lemma first_jump_integrand_le:
  fixes c t e P V ph :: real
  defines "a \<equiv> 1 + V * c"
  assumes c: "0 < c" and P: "0 \<le> P" "P \<le> a * ph"
  shows "ennreal (exponential_density 1 e) *
      (if t < e * c then ennreal (ph * exp (- (V * t))) else ennreal (exp (- (V * (e * c)))) * ennreal P)
    \<le> ennreal (ph * exp (- (V * t)) * exp (- e)) * indicator {t / c..} e
      + ennreal (a * ph * exp (- (a * e))) * indicator {0..t / c} e"
proof (cases "e < 0")
  case False
  then have dens: "exponential_density 1 e = exp (- e)" by (simp add: exponential_density_def)
  show ?thesis
  proof (cases "t < e * c")
    case True
    then have "t / c \<le> e" using c by (simp add: pos_divide_le_eq)
    with True show ?thesis
      using dens by (simp add: ennreal_mult'[symmetric] mult.commute add_increasing2)
  next
    case False
    then have "e \<le> t / c" using c by (simp add: pos_le_divide_eq)
    have "exp (- e) * exp (- (V * (e * c))) = exp (- (a * e))"
      by (simp add: a_def exp_add[symmetric] algebra_simps)
    then have "ennreal (exponential_density 1 e) * (ennreal (exp (- (V * (e * c)))) * ennreal P)
        = ennreal (exp (- (a * e)) * P)"
      using dens P by (simp add: ennreal_mult'[symmetric] mult.assoc)
    also have "\<dots> \<le> ennreal (a * ph * exp (- (a * e))) * indicator {0..t / c} e"
      using P \<open>e \<le> t / c\<close> \<open>\<not> e < 0\<close> by (simp add: mult.commute ennreal_leI)
    finally show ?thesis using False by (simp add: add_increasing)
  qed
qed (simp add: exponential_density_def)

text \<open>With \<open>\<tau> = c E\<close> and \<open>E\<close> standard exponential, this reads
  \<open>ph e\<^sup>-\<^sup>V\<^sup>t Pr(\<tau> > t) + P E[e\<^sup>-\<^sup>V\<^sup>\<tau>; \<tau> \<le> t] \<le> ph\<close>.\<close>

lemma nn_integral_first_jump_le:
  fixes c t P V ph :: real
  assumes c: "0 < c" and t: "0 \<le> t" and P: "0 \<le> P" "P \<le> (1 + V * c) * ph" and ph: "0 \<le> ph"
  shows "(\<integral>\<^sup>+e. (if t < e * c then ennreal (ph * exp (- (V * t)))
             else ennreal (exp (- (V * (e * c)))) * ennreal P) \<partial>exp1)
         \<le> ennreal ph"
proof -
  define a where "a = 1 + V * c"
  define s where "s = t / c"
  have s: "0 \<le> s" using c t by (simp add: s_def)
  have aph: "0 \<le> a * ph" using P by (simp add: a_def)
  have tail_exp: "exp (- (V * t)) * exp (- s) = exp (- (a * s))"
    using c by (simp add: a_def s_def exp_add[symmetric] field_simps)
  have "ph * exp (- (a * s)) \<le> ph"
    using ph aph s by (cases "ph = 0") (auto simp: zero_le_mult_iff mult_left_le)
  then have sum: "ennreal (ph * exp (- (V * t)) * exp (- s)) + ennreal (ph - ph * exp (- (a * s))) = ennreal ph"
    using ph tail_exp by (simp add: ennreal_plus[symmetric] mult.assoc del: ennreal_plus)
  have "(\<integral>\<^sup>+e. (if t < e * c then ennreal (ph * exp (- (V * t)))
             else ennreal (exp (- (V * (e * c)))) * ennreal P) \<partial>exp1)
      = (\<integral>\<^sup>+e. ennreal (exponential_density 1 e) * (if t < e * c then ennreal (ph * exp (- (V * t)))
             else ennreal (exp (- (V * (e * c)))) * ennreal P) \<partial>lborel)"
    by (subst nn_integral_density) auto
  also have "\<dots> \<le> (\<integral>\<^sup>+e. ennreal (ph * exp (- (V * t)) * exp (- e)) * indicator {s..} e
                        + ennreal (a * ph * exp (- (a * e))) * indicator {0..s} e \<partial>lborel)"
    unfolding s_def a_def using c P by (intro nn_integral_mono first_jump_integrand_le) auto
  also have "\<dots> = (\<integral>\<^sup>+e. ennreal (ph * exp (- (V * t)) * exp (- e)) * indicator {s..} e \<partial>lborel)
                  + (\<integral>\<^sup>+e. ennreal (a * ph * exp (- (a * e))) * indicator {0..s} e \<partial>lborel)"
    by (rule nn_integral_add) auto
  also have "\<dots> = ennreal ph"
    using ph aph s by (simp add: nn_integral_exp_tail nn_integral_exp_decay_Icc sum)
  finally show ?thesis .
qed
(* Let $X,X_1,X_2,\dots$ be random variables in a sub-linear expectation space $(\Omega,\mathscr H,\hat{\mathbb E})$ with $\{X_n\}$ independent, $X_n\overset d=X$ for all $n$, and $\hat{\mathbb E}[X]=\hat{\mathcal E}[X]=0$. Let $S_n=\sum_{i=1}^nX_i$, $V_n^2=\sum_{i=1}^nX_i^2$, $l(x)=\hat{\mathbb E}[X^2\wedge x^2]$, and assume: (I) $\mathbb V(|X|\ge x)=o(x^{-2}l(x))$ as $x\to\infty$; (II) $\limsup_{x\to\infty}\hat{\mathbb E}[X^2\wedge x^2]/\hat{\mathcal E}[X^2\wedge x^2]<\infty$; (III) $\hat{\mathbb E}[(|X|-c)^+]\to0$ as $c\to\infty$; (IV) $x_n\to\infty$ and $x_n=o(\sqrt n)$. Let $b_0=\inf\{x\ge0:l(x)>0\}$ and $z_n=\inf\{s\ge b_0+1: l(s)/s^2\le x_n^2/n\}$. Then, as $n\to\infty$, $$\mathbb V\big(S_n\ge x_nV_n,\ V_n^2\ge 9nl(z_n)\big)\le\exp\{-x_n^2+o(x_n^2)\}.$$
   Context: Sub-linear expectation space: $\mathscr H$ is a linear space of real functions on a measurable space $(\Omega,\mathcal F)$, closed under $\varphi(X_1,\dots,X_n)$ for $\varphi$ bounded continuous or locally Lipschitz with polynomial growth ($|\varphi(x)-\varphi(y)|\le C(1+|x|^m+|y|^m)|x-y|$); $\hat{\mathbb E}:\mathscr H\to[-\infty,\infty]$ is monotone, constant preserving, sub-additive and positively homogeneous. $\hat{\mathcal E}[X]=-\hat{\mathbb E}[-X]$; $\mathbb V(A)=\inf\{\hat{\mathbb E}[\xi]:I_A\le\xi,\xi\in\mathscr H\}$. Independence: $\mathbf Y$ is independent of $\mathbf X$ if $\hat{\mathbb E}[\varphi(\mathbf X,\mathbf Y)]=\hat{\mathbb E}[\hat{\mathbb E}[\varphi(\mathbf x,\mathbf Y)]|_{\mathbf x=\mathbf X}]$ for all such locally Lipschitz $\varphi$ (whenever the relevant expectations are finite); $\{X_n\}$ is independent if $X_{i+1}$ is independent of $(X_1,\dots,X_i)$ for each $i$. $X_n\overset d=X$ means $\hat{\mathbb E}[\varphi(X_n)]=\hat{\mathbb E}[\varphi(X)]$ for all locally Lipschitz $\varphi$ of polynomial growth. $a\wedge b=\min(a,b)$. *)

theory Defs
  imports "HOL-Analysis.Analysis"
begin
lemma tm_outputs_within_reaches_total:
  assumes "tm_wf M" "\<forall>x\<in>set xs. x < 5" "tm_outputs_within M xs T y"
  shows "\<exists>s\<le>T. \<exists>c. reaches (tm_total M) (0, [], xs) s c \<and>
           fst c = 1 \<and> takeWhile (\<lambda>a. a \<noteq> 0) (snd (snd c)) = y"
proof -
  obtain s where s: "s \<le> T" "fst (tm_run M s xs) = 1"
    "takeWhile (\<lambda>a. a \<noteq> 0) (snd (snd (tm_run M s xs))) = y"
    using assms(3) unfolding tm_outputs_within_def by blast
  define s0 where "s0 = (LEAST s. fst (tm_run M s xs) = 1)"
  have s0: "fst (tm_run M s0 xs) = 1" "s0 \<le> s"
    using s(2) unfolding s0_def by (auto intro: LeastI Least_le)
  have running: "fst (tm_run M j xs) \<noteq> 1" if "j < s0" for j
    using that not_less_Least unfolding s0_def by blast
  have "tm_run M s xs = (tm_step M ^^ (s - s0)) (tm_run M s0 xs)"
    unfolding tm_run_def using s0(2) funpow_add[of "s - s0" s0 "tm_step M"] by simp
  then have same_output: "tm_run M s xs = tm_run M s0 xs" using funpow_tm_step_halted[OF s0(1)] by simp
  have "in_range_config M (0, [], xs)" using assms(1,2) by (auto simp: in_range_config_def tm_wf_def)
  then have "(tm_step (tm_total M) ^^ j) (0, [], xs) = tm_run M j xs" for j
    using tm_total_run[OF assms(1)] by (simp add: tm_run_def)
  then have "reaches (tm_total M) (0, [], xs) s0 (tm_run M s0 xs)"
    unfolding reaches_def using running by simp
  moreover have "s0 \<le> T" using s0 s by simp
  moreover have "takeWhile (\<lambda>a. a \<noteq> 0) (snd (snd (tm_run M s0 xs))) = y" using s same_output by simp
  ultimately show ?thesis using s0(1) by blast
qed
(* Let $(\mathbf{x}^0,\mathbf{Z}^0,\Gamma^0)$ be any initialization with $\mathbf{x}^0\in\mathcal{X}$, and let $\{(\mathbf{x}^n,\mathbf{Z}^n,\Gamma^n)\}_{n\ge 0}$ be generated by the SPULTRA iteration defined in the context, where the image update step is solved exactly. Then: (i) the sequence $\{(\mathbf{x}^n,\mathbf{Z}^n,\Gamma^n)\}$ is bounded; (ii) the objective sequence $\{G(\mathbf{x}^n,\mathbf{Z}^n,\Gamma^n)\}$ is monotonically nonincreasing and converges to a finite limit $G^*=G^*(\mathbf{x}^0,\mathbf{Z}^0,\Gamma^0)$; (iii) every accumulation point $(\mathbf{x}^*,\mathbf{Z}^*,\Gamma^* )$ of the iterate sequence satisfies $G(\mathbf{x}^*,\mathbf{Z}^*,\Gamma^* )=G^*$; (iv) every accumulation point $(\mathbf{x}^*,\mathbf{Z}^*,\Gamma^* )$ satisfies the partial optimality conditions $$\mathbf{0}\in\partial_{\mathbf{x}}G(\mathbf{x},\mathbf{Z}^*,\Gamma^* )\big|_{\mathbf{x}=\mathbf{x}^*},\qquad (\mathbf{Z}^*,\Gamma^* )\in\arg\min_{\mathbf{Z},\Gamma}G(\mathbf{x}^*,\mathbf{Z},\Gamma),$$ where $\partial_{\mathbf{x}}$ denotes the (limiting) subdifferential of $G$ with respect to $\mathbf{x}$; (v) $\|\mathbf{x}^{n+1}-\mathbf{x}^n\|_2\to 0$ as $n\to\infty$.
   Context: Data and model. $\mathbf{A}\in\mathbb{R}^{N_d\times N_p}$ is a matrix with nonnegative entries; write $l_i(\mathbf{x})=[\mathbf{A}\mathbf{x}]_i$. Constants: $I_0>0$, $\sigma^2\ge 0$, measurements $Y_i\in\mathbb{R}$, coefficients $s_{1_i},s_{2_i}\in\mathbb{R}$, $x_{\max}>0$. Let $f_i(l)=s_{1_i}l+s_{2_i}l^2$ and $$h_i(l)=\big(I_0e^{-f_i(l)}+\sigma^2\big)-Y_i\log\big(I_0e^{-f_i(l)}+\sigma^2\big),\qquad \mathsf{L}(\mathbf{x})=\sum_{i=1}^{N_d}h_i(l_i(\mathbf{x})).$$ Let $\mathcal{X}=\{\mathbf{x}\in\mathbb{R}^{N_p}:0\le x_j\le x_{\max}\ \forall j\}$ and $\mathfrak{X}(\mathbf{x})=0$ if $\mathbf{x}\in\mathcal{X}$, $+\infty$ otherwise. Regularizer. For $j=1,\dots,\tilde N$, $\mathbf{P}_j\in\mathbb{R}^{v\times N_p}$ extracts the $j$-th patch of $v$ voxels (a row-selection matrix); assume every voxel belongs to at least one patch. $\boldsymbol{\Omega}_1,\dots,\boldsymbol{\Omega}_K\in\mathbb{R}^{v\times v}$ are fixed nonsingular (pre-learned) transforms. Weights $\tau_j>0$, and $\beta>0$, $\gamma_c>0$. Variables: sparse code matrix $\mathbf{Z}=[\mathbf{z}_1,\dots,\mathbf{z}_{\tilde N}]$ with $\mathbf{z}_j\in\mathbb{R}^v$, and class vector $\Gamma\in\{1,\dots,K\}^{\tilde N}$. Define $$\mathsf{R}(\mathbf{x},\mathbf{Z},\Gamma)=\beta\sum_{j=1}^{\tilde N}\tau_j\Big(\|\boldsymbol{\Omega}_{\Gamma_j}\mathbf{P}_j\mathbf{x}-\mathbf{z}_j\|_2^2+\gamma_c^2\|\mathbf{z}_j\|_0\Big),$$ where $\|\cdot\|_0$ counts nonzero entries. The objective is $G(\mathbf{x},\mathbf{Z},\Gamma)=\mathsf{L}(\mathbf{x})+\mathsf{R}(\mathbf{x},\mathbf{Z},\Gamma)+\mathfrak{X}(\mathbf{x})$. Surrogates. Curvature functions $c_i:[0,\infty)\to(0,\infty)$ are continuous and chosen so that, with $$q_i(l;\bar l)=h_i(\bar l)+\dot h_i(\bar l)(l-\bar l)+\tfrac12 c_i(\bar l)(l-\bar l)^2,$$ one has $h_i(l)\le q_i(l;\bar l)$ for all $l\ge0$, $\bar l\ge 0$ (as achieved by the optimum-curvature rule $c_i(\bar l)=2\,[h_i(0)-h_i(\bar l)+\bar l\,\dot h_i(\bar l)]/\bar l^2$ for $\bar l>0$, $c_i(0)=\ddot h_i(0)$, with nonpositive values replaced by a small positive constant). For $\bar{\mathbf{x}}\in\mathcal{X}$ define the majorizer $$F(\mathbf{x},\mathbf{Z},\Gamma;\bar{\mathbf{x}})=\sum_{i=1}^{N_d}q_i\big(l_i(\mathbf{x});l_i(\bar{\mathbf{x}})\big)+\mathsf{R}(\mathbf{x},\mathbf{Z},\Gamma)+\mathfrak{X}(\mathbf{x}).$$ SPULTRA iteration (exact version). Given $(\mathbf{x}^n,\mathbf{Z}^n,\Gamma^n)$: image update $\mathbf{x}^{n+1}\in\arg\min_{\mathbf{x}}F(\mathbf{x},\mathbf{Z}^n,\Gamma^n;\mathbf{x}^n)$; then sparse coding and clustering $(\mathbf{Z}^{n+1},\Gamma^{n+1})\in\arg\min_{\mathbf{Z},\Gamma}\mathsf{R}(\mathbf{x}^{n+1},\mathbf{Z},\Gamma)$ (computed exactly: for each $j$, $\Gamma_j^{n+1}$ minimizes over $k$ the value $\|\boldsymbol{\Omega}_k\mathbf{P}_j\mathbf{x}^{n+1}-H_{\gamma_c}(\boldsymbol{\Omega}_k\mathbf{P}_j\mathbf{x}^{n+1})\|_2^2+\gamma_c^2\|H_{\gamma_c}(\boldsymbol{\Omega}_k\mathbf{P}_j\mathbf{x}^{n+1})\|_0$ and $\mathbf{z}_j^{n+1}=H_{\gamma_c}(\boldsymbol{\Omega}_{\Gamma_j^{n+1}}\mathbf{P}_j\mathbf{x}^{n+1})$, where $H_{\gamma_c}$ zeroes entries of magnitude less than $\gamma_c$ and keeps the others). *)

theory Defs
  imports "HOL-Analysis.Analysis"
begin

text \<open>Index types: 'd detector bins (N_d), 'p voxels (N_p), 'v voxels per patch (v),
  'j patches (tilde N), 'k classes (K).  All finite.\<close>

definition fquad :: "real \<Rightarrow> real \<Rightarrow> real \<Rightarrow> real" where
  "fquad s1 s2 l = s1 * l + s2 * l\<^sup>2"

definition hfun :: "real \<Rightarrow> real \<Rightarrow> real \<Rightarrow> real \<Rightarrow> real \<Rightarrow> real \<Rightarrow> real" where
  "hfun I0 sigma2 Y s1 s2 l =
     (let u = I0 * exp (- fquad s1 s2 l) + sigma2 in u - Y * ln u)"

definition Lfun :: "real \<Rightarrow> real \<Rightarrow> ('d \<Rightarrow> real) \<Rightarrow> ('d \<Rightarrow> real) \<Rightarrow> ('d \<Rightarrow> real)
     \<Rightarrow> real^'p^'d \<Rightarrow> real^'p \<Rightarrow> real" where
  "Lfun I0 sigma2 Y s1 s2 A x = (\<Sum>i\<in>UNIV. hfun I0 sigma2 (Y i) (s1 i) (s2 i) ((A *v x) $ i))"

definition qsurr :: "(real \<Rightarrow> real) \<Rightarrow> (real \<Rightarrow> real) \<Rightarrow> real \<Rightarrow> real \<Rightarrow> real" where
  "qsurr h c l lb = h lb + deriv h lb * (l - lb) + 1/2 * c lb * (l - lb)\<^sup>2"

definition Xset :: "real \<Rightarrow> (real^'p) set" where
  "Xset xmax = {x. \<forall>c. 0 \<le> x $ c \<and> x $ c \<le> xmax}"

definition l0 :: "real^'v \<Rightarrow> nat" where
  "l0 z = card {r. z $ r \<noteq> 0}"

definition hardthr :: "real \<Rightarrow> real^'v \<Rightarrow> real^'v" where
  "hardthr g z = (\<chi> r. if \<bar>z $ r\<bar> < g then 0 else z $ r)"

definition Rfun :: "real \<Rightarrow> real \<Rightarrow> ('j \<Rightarrow> real) \<Rightarrow> ('j \<Rightarrow> real^'p^'v) \<Rightarrow> ('k \<Rightarrow> real^'v^'v)
     \<Rightarrow> real^'p \<Rightarrow> ('j \<Rightarrow> real^'v) \<Rightarrow> ('j \<Rightarrow> 'k) \<Rightarrow> real" where
  "Rfun beta gc tau P Om x Z Gm =
     beta * (\<Sum>j\<in>UNIV. tau j * ((norm (Om (Gm j) *v (P j *v x) - Z j))\<^sup>2 + gc\<^sup>2 * real (l0 (Z j))))"

definition Gobj :: "real \<Rightarrow> real \<Rightarrow> ('d \<Rightarrow> real) \<Rightarrow> ('d \<Rightarrow> real) \<Rightarrow> ('d \<Rightarrow> real)
     \<Rightarrow> real^'p^'d \<Rightarrow> real \<Rightarrow> real \<Rightarrow> ('j \<Rightarrow> real) \<Rightarrow> ('j \<Rightarrow> real^'p^'v) \<Rightarrow> ('k \<Rightarrow> real^'v^'v)
     \<Rightarrow> real \<Rightarrow> real^'p \<Rightarrow> ('j \<Rightarrow> real^'v) \<Rightarrow> ('j \<Rightarrow> 'k) \<Rightarrow> ereal" where
  "Gobj I0 sigma2 Y s1 s2 A beta gc tau P Om xmax x Z Gm =
     (if x \<in> Xset xmax
      then ereal (Lfun I0 sigma2 Y s1 s2 A x + Rfun beta gc tau P Om x Z Gm)
      else \<infinity>)"

definition Fmaj :: "real \<Rightarrow> real \<Rightarrow> ('d \<Rightarrow> real) \<Rightarrow> ('d \<Rightarrow> real) \<Rightarrow> ('d \<Rightarrow> real)
     \<Rightarrow> ('d \<Rightarrow> real \<Rightarrow> real)
     \<Rightarrow> real^'p^'d \<Rightarrow> real \<Rightarrow> real \<Rightarrow> ('j \<Rightarrow> real) \<Rightarrow> ('j \<Rightarrow> real^'p^'v) \<Rightarrow> ('k \<Rightarrow> real^'v^'v)
     \<Rightarrow> real \<Rightarrow> real^'p \<Rightarrow> ('j \<Rightarrow> real^'v) \<Rightarrow> ('j \<Rightarrow> 'k) \<Rightarrow> real^'p \<Rightarrow> ereal" where
  "Fmaj I0 sigma2 Y s1 s2 c A beta gc tau P Om xmax x Z Gm xb =
     (if x \<in> Xset xmax
      then ereal ((\<Sum>i\<in>UNIV. qsurr (hfun I0 sigma2 (Y i) (s1 i) (s2 i)) (c i)
                                  ((A *v x) $ i) ((A *v xb) $ i))
                  + Rfun beta gc tau P Om x Z Gm)
      else \<infinity>)"

definition clustcost :: "real \<Rightarrow> ('j \<Rightarrow> real^'p^'v) \<Rightarrow> ('k \<Rightarrow> real^'v^'v) \<Rightarrow> real^'p \<Rightarrow> 'j \<Rightarrow> 'k \<Rightarrow> real" where
  "clustcost gc P Om x j k =
     (let w = Om k *v (P j *v x) in (norm (w - hardthr gc w))\<^sup>2 + gc\<^sup>2 * real (l0 (hardthr gc w)))"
--------------------
* What to do *
State, as a bare number, how many lines of the material include the string "assumes".

* Written answer *
3